In contrast, the human AU is not so delicate. That is, given that we have power, we can make value; there don’t seem to be arbitrary, silly value-specific catastrophes for us. Given energy and resources and time and manpower and competence, we can build a better future.

In part, this is because a good chunk of what we care about seems roughly additive over time and space; a bad thing happening somewhere else in spacetime doesn’t mean you can’t make things better where you are; we have many sources of potential value. In part, this is because we often care about the universe more than the exact universe history; our preferences don’t seem to encode arbitrary deontological landmines. More generally, if we did have such a delicate goal, it would be the case that if we learned that a particular thing had happened at any point in the past in our universe, that entire universe would be partially ruined for us forever. That just doesn’t sound realistic.

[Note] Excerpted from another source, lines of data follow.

(* In the SIS model under multi-layer Markovian mobility described in the context, with every generator matrix $Q^\alpha$ irreducible (every mobility digraph strongly connected), consider a solution with $\boldsymbol x(0)\gg\boldsymbol 0$ and $\boldsymbol p(0)\in[0,1]^{nm}$. If $p^\alpha_i(t)\to 0$ as $t\to\infty$ for some $i\in\{1,\dots,n\}$ and some $\alpha\in\{1,\dots,m\}$, then $\boldsymbol p(t)\to\boldsymbol 0$ as $t\to\infty$.
   Context: Setting: $n$ patches and $m$ classes. For each class $\alpha$, $Q^\alpha=(q^\alpha_{ij})$ is a continuous-time Markov chain generator on $\{1,\dots,n\}$ ($q^\alpha_{ij}\ge0$ for $i\ne j$ is the rate from $i$ to $j$, $q^\alpha_{ii}=-\sum_{j\ne i}q^\alpha_{ij}$). $x^\alpha_i>0$ is the number of class-$\alpha$ individuals at node $i$, $p^\alpha_i$ the infected fraction of class $\alpha$ at node $i$; $\boldsymbol x,\boldsymbol p\in\mathbb R^{nm}$ stack these class by class, and $P=\operatorname{diag}(\boldsymbol p)$. Node $i$ has infection rate $\beta_i>0$ and recovery rate $\delta_i\ge0$; $B$ and $D$ are $nm\times nm$ block-diagonal with $m$ identical blocks $\operatorname{diag}(\beta_1,\dots,\beta_n)$ and $\operatorname{diag}(\delta_1,\dots,\delta_n)$. $L(\boldsymbol x)$ is block-diagonal with blocks $L^\alpha(\boldsymbol x)$: $l^\alpha_{ii}=\sum_{j\ne i}q^\alpha_{ji}x^\alpha_j/x^\alpha_i$, $l^\alpha_{ij}=-q^\alpha_{ji}x^\alpha_j/x^\alpha_i$ ($i\ne j$). With $f^\alpha_i(\boldsymbol x)=x^\alpha_i/\sum_\gamma x^\gamma_i$, $F^\alpha=\operatorname{diag}(f^\alpha_1,\dots,f^\alpha_n)$, $\bar F=[F^1,\dots,F^m]$, $F(\boldsymbol x)$ is $m$ copies of $\bar F(\boldsymbol x)$ stacked vertically. Dynamics: $\dot{\boldsymbol p}=(BF(\boldsymbol x)-D-L(\boldsymbol x))\boldsymbol p-PBF(\boldsymbol x)\boldsymbol p$, $\dot{\boldsymbol x}^\alpha=(Q^\alpha)^\top\boldsymbol x^\alpha$. Componentwise, $\dot p^\alpha_i=-\delta_ip^\alpha_i+\beta_i\bar p_i(1-p^\alpha_i)-l^\alpha_{ii}p^\alpha_i-\sum_{j\ne i}l^\alpha_{ij}p^\alpha_j$ with $\bar p_i=\sum_\alpha f^\alpha_ip^\alpha_i$. *)

theory Defs
  imports "HOL-Analysis.Analysis"
begin

text \<open>Nodes are indexed by a finite type 'n, classes by a finite type 'c.
  q a i j is the rate q^a_{ij} of the generator Q^a; x a i, p a i are x^a_i, p^a_i.\<close>

definition is_generator :: "('n::finite \<Rightarrow> 'n \<Rightarrow> real) \<Rightarrow> bool" where
  "is_generator Q \<longleftrightarrow> (\<forall>i j. i \<noteq> j \<longrightarrow> 0 \<le> Q i j) \<and>
     (\<forall>i. Q i i = - (\<Sum>j\<in>UNIV - {i}. Q i j))"

definition irreducible_generator :: "('n::finite \<Rightarrow> 'n \<Rightarrow> real) \<Rightarrow> bool" where
  "irreducible_generator Q \<longleftrightarrow> (\<forall>i j. (i, j) \<in> {(u, v). u \<noteq> v \<and> 0 < Q u v}\<^sup>*)"

definition Lmat :: "('c \<Rightarrow> 'n::finite \<Rightarrow> 'n \<Rightarrow> real) \<Rightarrow> ('c \<Rightarrow> 'n \<Rightarrow> real) \<Rightarrow> 'c \<Rightarrow> 'n \<Rightarrow> 'n \<Rightarrow> real" where
  "Lmat q x a i j = (if i = j then (\<Sum>k\<in>UNIV - {i}. q a k i * x a k) / x a i
                     else - q a j i * x a j / x a i)"

definition frac :: "('c::finite \<Rightarrow> 'n \<Rightarrow> real) \<Rightarrow> 'c \<Rightarrow> 'n \<Rightarrow> real" where
  "frac x a i = x a i / (\<Sum>g\<in>UNIV. x g i)"

definition pbar :: "('c::finite \<Rightarrow> 'n \<Rightarrow> real) \<Rightarrow> ('c \<Rightarrow> 'n \<Rightarrow> real) \<Rightarrow> 'n \<Rightarrow> real" where
  "pbar x p i = (\<Sum>a\<in>UNIV. frac x a i * p a i)"

definition p_rhs :: "('c::finite \<Rightarrow> 'n::finite \<Rightarrow> 'n \<Rightarrow> real) \<Rightarrow> ('n \<Rightarrow> real) \<Rightarrow> ('n \<Rightarrow> real)
     \<Rightarrow> ('c \<Rightarrow> 'n \<Rightarrow> real) \<Rightarrow> ('c \<Rightarrow> 'n \<Rightarrow> real) \<Rightarrow> 'c \<Rightarrow> 'n \<Rightarrow> real" where
  "p_rhs q \<beta> \<delta> x p a i =
     - \<delta> i * p a i + \<beta> i * pbar x p i * (1 - p a i) - Lmat q x a i i * p a i
     - (\<Sum>j\<in>UNIV - {i}. Lmat q x a i j * p a j)"

definition x_rhs :: "('c \<Rightarrow> 'n::finite \<Rightarrow> 'n \<Rightarrow> real) \<Rightarrow> ('c \<Rightarrow> 'n \<Rightarrow> real) \<Rightarrow> 'c \<Rightarrow> 'n \<Rightarrow> real" where
  "x_rhs q x a i = (\<Sum>j\<in>UNIV. q a j i * x a j)"

end

theory Submission
  imports Defs
begin

(* The mobility equations are linear with an irreducible Metzler matrix and conserve the mass
   of every class, so each x^a_i stays between two positive constants. Consequently the
   coefficients of the p-equations are bounded, and the coupling coefficients
   q^a_ji x^a_j / x^a_i and the class fractions f^a_i are bounded below by positive constants.
   The p-equation of a component p^a_i has a nonnegative forcing part (infection pressure from
   all classes at node i, inflow of infected individuals from nodes j with q^a_ji > 0) and a
   loss part of size O(p^a_i). If p^a_i tends to 0, none of its forcing terms can stay large:
   such a term decays at most exponentially, so it would raise p^a_i by a fixed amount over a
   unit time interval. Hence p^g_i -> 0 for every class g, and, following the edges of the
   strongly connected mobility digraph backwards, p^a_j -> 0 at every node j. *)

section \<open>Real-analysis lemmas\<close>

lemma continuous_on_if_has_real_derivative_nonneg:
  assumes "\<And>t. 0 \<le> t \<Longrightarrow> (f has_real_derivative f' t) (at t within {0..})"
  shows "continuous_on {0..} f"
  by (rule DERIV_continuous_on[where D = f']) (use assms in auto)

lemma has_real_derivative_at_if_pos:
  assumes "(f has_real_derivative f') (at t within {0..})" and "0 < t"
  shows "(f has_real_derivative f') (at t)"
proof -
  have "at t within {0..} = at t" by (rule at_within_interior) (use assms(2) in simp)
  thus ?thesis using assms(1) by simp
qed

lemma differential_inequality_lower_bound:
  fixes f f' :: "real \<Rightarrow> real"
  assumes "t \<le> s" and cont: "continuous_on {t..s} f"
    and deriv: "\<And>r. t < r \<Longrightarrow> r < s \<Longrightarrow> (f has_real_derivative f' r) (at r)"
    and ineq: "\<And>r. t < r \<Longrightarrow> r < s \<Longrightarrow> A - M * f r \<le> f' r"
    and "0 \<le> A" "0 \<le> M"
  shows "exp (- M * (s - t)) * (f t + A * (s - t)) \<le> f s"
proof -
  define g where "g r = exp (M * r) * f r - A * exp (M * t) * r" for r
  have "g t \<le> g s"
  proof (rule DERIV_nonneg_imp_increasing_open[OF \<open>t \<le> s\<close>])
    fix r assume r: "t < r" "r < s"
    have "(g has_real_derivative exp (M * r) * (M * f r + f' r) - A * exp (M * t)) (at r)"
      unfolding g_def using deriv[OF r] by (auto intro!: derivative_eq_intros simp: algebra_simps)
    moreover have "A * exp (M * t) \<le> exp (M * r) * (M * f r + f' r)"
    proof -
      have "A * exp (M * t) \<le> A * exp (M * r)"
        using r \<open>0 \<le> A\<close> \<open>0 \<le> M\<close> by (intro mult_left_mono) (auto intro: mult_left_mono)
      also have "\<dots> \<le> exp (M * r) * (M * f r + f' r)"
        using ineq[OF r] by (simp add: mult.commute)
      finally show ?thesis .
    qed
    ultimately show "\<exists>y. (g has_real_derivative y) (at r) \<and> 0 \<le> y" by fastforce
  next
    show "continuous_on {t..s} g" unfolding g_def using cont by (intro continuous_intros)
  qed
  hence growth: "exp (M * t) * (f t + A * (s - t)) \<le> exp (M * s) * f s"
    unfolding g_def by (simp add: algebra_simps)
  have "exp (- M * (s - t)) * (f t + A * (s - t)) = exp (- M * s) * (exp (M * t) * (f t + A * (s - t)))"
    by (simp add: algebra_simps flip: exp_add)
  also have "\<dots> \<le> exp (- M * s) * (exp (M * s) * f s)"
    using growth by (rule mult_left_mono) simp
  also have "\<dots> = f s"
    by (simp flip: exp_add mult.assoc)
  finally show ?thesis .
qed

It seems that most of our catastrophes are objective catastrophes.⁶

Consider a psychologically traumatizing event which leaves humans uniquely unable to get what they want, but which leaves everyone else (trout, AI, etc.) unaffected. Our ability to find value is ruined. Does this event demonstrate the delicacy of our AU?

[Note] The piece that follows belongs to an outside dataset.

(* Consider Model 3 (the risk-seeking insider model) with $N\ge1$ trading periods, as described in the context. A subgame perfect linear equilibrium exists. In this equilibrium there are real numbers $\beta_n,\lambda_n,\alpha_n,\delta_n,\Sigma_n$ such that for $n=1,\dots,N$: $x_n=\beta_n(v-p_{n-1})$, $p_n-p_{n-1}=\lambda_n y_n$, $\Sigma_n=\operatorname{Var}(v\mid y_1,\dots,y_n)$, and $$E\Big(\sum_{k=n}^N\pi_k\,\Big|\,p_1,\dots,p_{n-1},v\Big)=\alpha_{n-1}(v-p_{n-1})^2+\delta_{n-1},$$ where $$\delta_n=a_n\sigma_u\Delta t_N^{1/2}\Sigma_n^{1/2},\quad \alpha_n=b_n\sigma_u\Delta t_N^{1/2}\Sigma_n^{-1/2}\quad(n=0,\dots,N-1),\qquad \beta_n=c_n\sigma_u\Delta t_N^{1/2}\Sigma_{n-1}^{-1/2}\quad(n=1,\dots,N),$$ and the sequences $\{a_n\},\{b_n\},\{c_n\}$, with terminal values $a_{N-1}=0$, $b_{N-1}=\tfrac12$, $c_N=1$, satisfy for $n=1,\dots,N-1$ $$a_{n-1}=a_n\Big(\frac{1}{c_n^2+1}\Big)^{1/2}+b_n\Big(\frac{1}{c_n^2+1}\Big)^{3/2}c_n^2,\qquad b_{n-1}=b_n\Big(\frac{1}{c_n^2+1}\Big)^{3/2}+\frac{c_n}{c_n^2+1},\qquad -3b_nc_n+(c_n^2+1)^{1/2}(1-c_n^2)=0,$$ with $c_n>0$ for $n=1,\dots,N$.
   Context: Model. Fix an integer $N\ge1$ and put $\Delta t_N=1/N$. A risky asset has liquidation value $v\sim N(p_0,\Sigma_0)$ with $\Sigma_0>0$. In each period $n=1,\dots,N$ noise traders submit $u_n\sim N(0,\sigma_u^2\Delta t_N)$ ($\sigma_u>0$), i.i.d. and independent of $v$. The insider knows $v$ and submits $x_n=\beta_n(v-p_{n-1})$ with $\beta_n\in\mathbb R$. The market maker observes $y_n=x_n+u_n$ and sets $p_n=E[v\mid y_1,\dots,y_n]$. The insider's profit in period $n$ is $\pi_n=x_n(v-p_n)$ and $\Sigma_n=\operatorname{Var}(v\mid y_1,\dots,y_n)$. For such strategies, with $\lambda_n=\beta_n\Sigma_{n-1}/(\beta_n^2\Sigma_{n-1}+\sigma_u^2\Delta t_N)$ one has $p_n-p_{n-1}=\lambda_ny_n$, $\Sigma_n=\Sigma_{n-1}\sigma_u^2\Delta t_N/(\beta_n^2\Sigma_{n-1}+\sigma_u^2\Delta t_N)$, and $E(\sum_{k=n}^N\pi_k\mid p_1,\dots,p_{n-1},v)=\alpha_{n-1}(v-p_{n-1})^2+\delta_{n-1}$ with $\alpha_N=\delta_N=0$, $\alpha_{n-1}=\alpha_n(1-\lambda_n\beta_n)^2+\beta_n(1-\lambda_n\beta_n)$, $\delta_{n-1}=\delta_n+\alpha_n\lambda_n^2\sigma_u^2\Delta t_N$. Here $\alpha_{n-1}(v-p_{n-1})^2$ is the "risky profit" and $\delta_{n-1}$ the "guaranteed profit". Equilibrium. An insider strategy specifies, for each period $n$ and each value $\Sigma_{n-1}>0$, an intensity $\beta_n$. Given the strategy for periods $n+1,\dots,N$, each choice of $\beta_n$ determines (with later intensities given by the strategy applied to the resulting variances) $\alpha_{n-1},\delta_{n-1}$ as functions of $\beta_n$ and $\Sigma_{n-1}$. A subgame perfect linear equilibrium of Model 3 is a strategy such that for every $n$ and every $\Sigma_{n-1}>0$ the prescribed $\beta_n$ first maximizes the risky profit $\alpha_{n-1}(v-p_{n-1})^2$ (i.e. maximizes $\alpha_{n-1}$) over $\beta_n\in\mathbb R$, and among those maximizers maximizes the guaranteed profit $\delta_{n-1}$, with the market maker pricing efficiently given this strategy. *)

theory Defs
  imports Complex_Main
begin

No. This event demonstrates the delicacy of human psychology. Notice also that our AUs for constructing red cubes, reliably looking at blue things, and surviving are also ruined. Our power has been decreased.

In general, the ccc follows from two sub-claims.

Given we still have control over the future, humanity’s long-term AU is still reasonably high (i.e. we haven’t endured a catastrophe).
Realistically, agents are only incentivized to take control from us in order to gain power for their own goal. I’m fairly sure the second claim is true (“evil” agents are the exception prompting the “realistically”).

Also, we’re implicitly considering the simplified frame of a single smart AI affecting the world, and not structural risk via the broader consequences of others also deploying similar agents. Structural risk is out-of-scope.

Unaligned goals tend to have catastrophe-inducing optimal policies because of power-seeking incentives.

Let’s say a reward function is aligned⁷ if all of its Blackwell-optimal policies are doing what we want (a policy is Blackwell-optimal if it’s optimal and doesn’t stop being optimal as the agent cares more about the future). Let’s say a reward function class is alignable if it contains an aligned reward function.⁸ The ccc is talking about impact alignment only, not about intent alignment.

Unaligned goals tend to have catastrophe-inducing optimal policies because of power-seeking incentives.

Not all unaligned goals induce catastrophes, and of those which do induce catastrophes, not all of them do it because of power-seeking incentives. For example, a reward function for which inaction is the only optimal policy is “unaligned” and non-catastrophic. An “evil” reward function which intrinsically values harming us is unaligned and has a catastrophic optimal policy, but not because of power-seeking incentives.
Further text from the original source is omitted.